Схватив застрявший в моей ноге нож, я его вырвал. Торгу счел это отказом и ударил меня своим ножом по голове, чиркнув по уху. Я ударил его здоровой ногой, опрокинул на пол и из последних сил похромал к двери. А Торгу с воем бросился следом.

Я едва не наткнулся на Пич, которая уронила коробку с пиццей и завизжала. Торгу уже схватил меня за пиджак, когда, словно видение из сна, перед нами возникла Эвангелина Харкер. Я почувствовал, как пол уходит у меня из-под ног, услышал невнятные крики, которые вздымались и опадали. Потом — чернота.

Когда я очнулся, я был уже здесь, в своей собственной спальне. В больницу я поехать отказался. Сиделка старалась отобрать у меня бутылку, но я ее выгнал. Теперь надо поспать.


На мгновение я снова его увидела. Лицом к лицу. И он увидел меня.

— Эвангелина, — раздался у меня в голове его шепот.

Его состояние ухудшилось. Тело съежилось, голова раздулась, как клещ, слишком долго провисевший на спине собаки. Лишь несколько секунд, но мир словно остановился, и, заглянув в те глаза, я увидела в глубине их усталость, голод и страх. Ничего подобного раньше не было. Но такого нападения он не вынес. Он пронесся мимо меня, мимо вопящей Пич Карнэхен, и порывом яростного ветра за ним последовала его свита. Залитый собственной кровью, Остин добрался до ковра. Тут во мне проснулись приобретенные в Трансильвании инстинкты. Оторвав полосу от собственной футболки, я жгутом затянула ее на ноге Остина. Где-то далеко в коридорах стихал вой ярости. Я приказала Пич вызвать «скорую помощь». На мгновение, стоя на коленях над Остином, я заглянула в открытую дверь кабинета Эдварда Принца и мельком увидела нечто необъяснимое, тень, метавшуюся между тремя яркими экранами, но дверь захлопнулась до того, как я смогла что-то разглядеть. У меня не было времени на эту тайну. Остин потерял сознание. Торгу скрылся.

23 МАЯ

Сиделка дала мне новый пузырек перкоцета. Я слишком много его принимаю. Надо бы воздержаться. Наступил уикенд. Я ковыляю по квартире на костылях. Снаружи воцарилась зверская жара. Вчера вечером была достигнута рекордная температура. «КонЭд»[18] предупреждает о перегрузках сети и просит сознательных граждан по возможности экономить электроэнергию. Не будь я рационалистом, я сказал бы, что Торгу использует Солнце против нас. Я выходил на улицу за газетой. Больше этого делать не буду.

Господин, глубокий вдох посреди раскаленного воскресенья.
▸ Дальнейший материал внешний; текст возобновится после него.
lemma ln_laplace_bounds:
  fixes x y :: "'d::finite site"
  assumes "0 \<le> lam" "connected w x y"
  shows "0 < laplace lam w x y"
    and "lam * real (graph_dist w x y) \<le> - ln (laplace lam w x y)"
    and "- ln (laplace lam w x y) \<le> (lam + ln (2 * real CARD('d))) * real (graph_dist w x y)"
proof -
  let ?d = "graph_dist w x y" and ?\<delta> = "1 / (2 * real CARD('d))"
  have lower: "exp (- lam * real ?d) * ?\<delta> ^ ?d \<le> laplace lam w x y"
    using laplace_ge[OF assms] .
  moreover have pos: "0 < exp (- lam * real ?d) * ?\<delta> ^ ?d" by simp
  ultimately show L: "0 < laplace lam w x y" by linarith
  have "ln (laplace lam w x y) \<le> - lam * real ?d"
    using ln_mono[OF laplace_le_exp[OF assms(1)] L] by simp
  then show "lam * real ?d \<le> - ln (laplace lam w x y)" by simp
  have "- lam * real ?d - real ?d * ln (2 * real CARD('d)) \<le> ln (laplace lam w x y)"
    using ln_mono[OF lower pos] by (simp add: ln_mult ln_realpow ln_div algebra_simps)
  then show "- ln (laplace lam w x y) \<le> (lam + ln (2 * real CARD('d))) * real ?d"
    by (simp add: algebra_simps)
qed

lemma a_lam_eq_ln_laplace:
  "0 \<le> lam \<Longrightarrow> connected w x y \<Longrightarrow> a_lam lam w x y = ereal (- ln (laplace lam w x y))"
  unfolding a_lam_def using ln_laplace_bounds(1) by fastforce

text \<open>Hoelder's inequality with exponent t = la/lb, in the form
  E[(e^{-lb H})^t] \<le> E[e^{-lb H}]^t P(H < \<infinity>)^{1-t}, proved pointwise from Young's inequality.\<close>

lemma laplace_le_powr:
  fixes x y :: "'d::finite site"
  assumes "0 < la" "la \<le> lb" "0 < laplace lb w x y"
  shows "laplace la w x y \<le> laplace lb w x y powr (la / lb)"
proof -
  define S t where "S = laplace lb w x y" and "t = la / lb"
  have t: "0 < t" "t \<le> 1" "0 < lb" using assms by (auto simp: t_def)
  have S: "0 < S" using assms by (simp add: S_def)
  define c where "c = S powr (1 - t)"
  have c: "0 < c" using S by (simp add: c_def)
  let ?h = "\<lambda>n. hitp w y n x" and ?e = "\<lambda>n. exp (- lb * real n) * hitp w y n x"
  have young: "exp (- la * real n) \<le> (t * exp (- lb * real n) + (1 - t) * S) / c" for n
  proof -
    have "exp (- lb * real n) powr t * S powr (1 - t) \<le> t * exp (- lb * real n) + (1 - t) * S"
      by (rule Youngs_inequality_0) (use t S in auto)
    moreover have "exp (- lb * real n) powr t = exp (- la * real n)"
      using t by (simp add: powr_def t_def)
    ultimately show ?thesis using c by (simp add: c_def pos_le_divide_eq)
  qed
  have sums: "summable ?e" "summable ?h"
    using summable_laplace[of lb] t by (auto intro: summable_hitp)
  have total: "(\<lambda>n. (t * ?e n + (1 - t) * S * ?h n) / c)
      sums ((t * S + (1 - t) * S * (\<Sum>n. ?h n)) / c)"
    unfolding S_def laplace_def by (intro sums_divide sums_add sums_mult summable_sums sums)
  have "laplace la w x y \<le> (\<Sum>n. (t * ?e n + (1 - t) * S * ?h n) / c)"
    unfolding laplace_def
  proof (rule suminf_le)
    show "exp (- la * real n) * ?h n \<le> (t * ?e n + (1 - t) * S * ?h n) / c" for n
      using mult_right_mono[OF young hitp_nonneg] by (simp add: algebra_simps)
  qed (use summable_laplace[of la] assms(1) sums_summable[OF total] in auto)
  also have "\<dots> = (t * S + (1 - t) * S * (\<Sum>n. ?h n)) / c"
    using total by (rule sums_unique[symmetric])
  also have "\<dots> \<le> (t * S + (1 - t) * S) / c"
    using t S c suminf_hitp_le_1[of w y x]
    by (intro divide_right_mono add_left_mono mult_left_le) auto
  also have "\<dots> = S powr t" using S by (simp add: c_def powr_diff algebra_simps)
  finally show ?thesis by (simp add: S_def t_def)
qed

lemma ln_laplace_div_antimono:
  fixes x y :: "'d::finite site"
  assumes "0 < la" "la \<le> lb" "connected w x y"
  shows "- ln (laplace lb w x y) / lb \<le> - ln (laplace la w x y) / la"
proof -
  have pos: "0 < laplace la w x y" "0 < laplace lb w x y"
    using ln_laplace_bounds(1)[OF _ assms(3)] assms by auto
  have "ln (laplace la w x y) \<le> (la / lb) * ln (laplace lb w x y)"
    using ln_mono[OF laplace_le_powr[OF assms(1,2) pos(2)] pos(1)] pos by (simp add: ln_powr)
  then show ?thesis using assms by (simp add: field_simps)
qed

lemma a_lam_div_antimono:
  fixes x y :: "'d::finite site"
  assumes "0 < la" "la \<le> lb"
  shows "a_lam lb w x y / ereal lb \<le> a_lam la w x y / ereal la"
proof (cases "connected w x y")
  case True
  then show ?thesis
    using ln_laplace_div_antimono[OF assms True] assms by (simp add: a_lam_eq_ln_laplace)
qed (use assms in \<open>simp add: a_lam_eq_infinity\<close>)

lemma tendsto_div_at_top_of_affine_bounds:
  fixes f :: "real \<Rightarrow> real"
  assumes "\<And>lam. 0 < lam \<Longrightarrow> lam * m \<le> f lam"
    and "\<And>lam. 0 < lam \<Longrightarrow> f lam \<le> (lam + C) * m"
  shows "((\<lambda>lam. f lam / lam) \<longlongrightarrow> m) at_top"
proof (rule tendsto_sandwich)
  show "\<forall>\<^sub>F lam in at_top. m \<le> f lam / lam"
    using eventually_gt_at_top[of 0] by eventually_elim (simp add: assms(1) field_simps)
  show "\<forall>\<^sub>F lam in at_top. f lam / lam \<le> m + C * m / lam"
    using eventually_gt_at_top[of 0]
  proof eventually_elim
    case (elim lam)
    then have "f lam / lam \<le> (lam + C) * m / lam" by (simp add: assms(2) divide_right_mono)
    with elim show ?case by (simp add: field_simps)
  qed
  have "((\<lambda>lam. C * m / lam) \<longlongrightarrow> 0) at_top"
    by (rule real_tendsto_divide_at_top[OF tendsto_const filterlim_ident])
  then show "((\<lambda>lam. m + C * m / lam) \<longlongrightarrow> m) at_top"
    using tendsto_add[OF tendsto_const] by fastforce
qed simp

lemma a_lam_div_tendsto_chem:
  fixes x y :: "'d::finite site"
  shows "((\<lambda>lam. a_lam lam w x y / ereal lam) \<longlongrightarrow> chem w x y) at_top"
proof (cases "connected w x y")
  case True
  let ?f = "\<lambda>lam. - ln (laplace lam w x y)"
  have "((\<lambda>lam. ?f lam / lam) \<longlongrightarrow> real (graph_dist w x y)) at_top"
    using ln_laplace_bounds(2,3)[OF _ True]
    by (intro tendsto_div_at_top_of_affine_bounds[where C = "ln (2 * real CARD('d))"]) auto
  then have "((\<lambda>lam. ereal (?f lam / lam)) \<longlongrightarrow> chem w x y) at_top"
    unfolding chem_eq_graph_dist[OF True] by (rule tendsto_ereal)
  moreover have "\<forall>\<^sub>F lam in at_top. ereal (?f lam / lam) = a_lam lam w x y / ereal lam"
    using eventually_gt_at_top[of 0] by eventually_elim (simp add: a_lam_eq_ln_laplace True)
  ultimately show ?thesis by (rule Lim_transform_eventually)
next
  case False
  have "\<forall>\<^sub>F lam in at_top. \<infinity> = a_lam lam w x y / ereal lam"
    using eventually_gt_at_top[of 0] by eventually_elim (simp add: a_lam_eq_infinity False)
  then show ?thesis
    unfolding chem_eq_infinity[OF False] by (rule Lim_transform_eventually[OF tendsto_const])
qed

subsection \<open>Translations of the environment\<close>

definition translate_edge :: "'d::finite site \<Rightarrow> 'd edge \<Rightarrow> 'd edge" where
  "translate_edge v e = (\<lambda>x. x + v) ` e"

definition shift_weights :: "'d::finite site \<Rightarrow> ('d edge \<Rightarrow> real) \<Rightarrow> 'd edge \<Rightarrow> real" where
  "shift_weights v u = (\<lambda>e\<in>Edges. u (translate_edge v e))"

lemma translate_edge_in_Edges:
  assumes "e \<in> Edges"
  shows "translate_edge v e \<in> Edges"
proof -
  obtain x y where "e = {x, y}" "l1 (x - y) = 1" using assms unfolding Edges_def by blast
  then show ?thesis by (simp add: translate_edge_def Edges_iff)
qed

lemma inj_translate_edge: "inj_on (translate_edge v) A"
  by (rule inj_on_inverseI[where g = "translate_edge (- v)"]) (auto simp: translate_edge_def image_image)

lemma adj_shift_weights:
  "adj (omega (shift_weights v u) p) x y \<longleftrightarrow> adj (omega u p) (x + v) (y + v)"
  by (auto simp: adj_def omega_def shift_weights_def translate_edge_def Edges_iff)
Знаю, вы со мной больше не говорите. Знаю, вы желаете мне ужасной участи. Также я знаю, что вы планируете отомстить за мой предполагаемый проступок. Мое раскаяние не имеет границ. Но я отказываюсь бросать вас. Я отказываюсь принимать такой суд, и вот мое первое покаяние. Вам следует знать о том, что произойдет завтра. Все до единого продюсеры и корреспонденты этой программы вернулись со всех уголков земного шара, чтобы отдать дань уважения своему главе, Бобу Роджерсу, основателю программы, который уйдет на покой после более чем трех десятилетий на должности исполнительного директора. Это исторический момент в анналах телевещания. Программы, подобной «Часу», никогда не было, как не было исполнительного директора, подобного Бобу Роджерсу. Но заинтересовать вас должно их число. Редко случается, чтобы все сотрудники программы собрались под одной крышей. Неслыханное дело, случается только в самых серьезных, исключительных случаях. Такой шанс вам больше не представится. Через каких-то сорок восемь часов в вашем распоряжении будет почти сотня тел, одни старые и увядшие, другие — полные соков и сильные. Самых молодых и самых старых сотрудников разделяют пять десятилетий. Только подумайте, полвека! Они как никто другой подходят для того, чтобы донести вашу весть до широких масс американцев. Остальные, разумеется, послужат орудиями.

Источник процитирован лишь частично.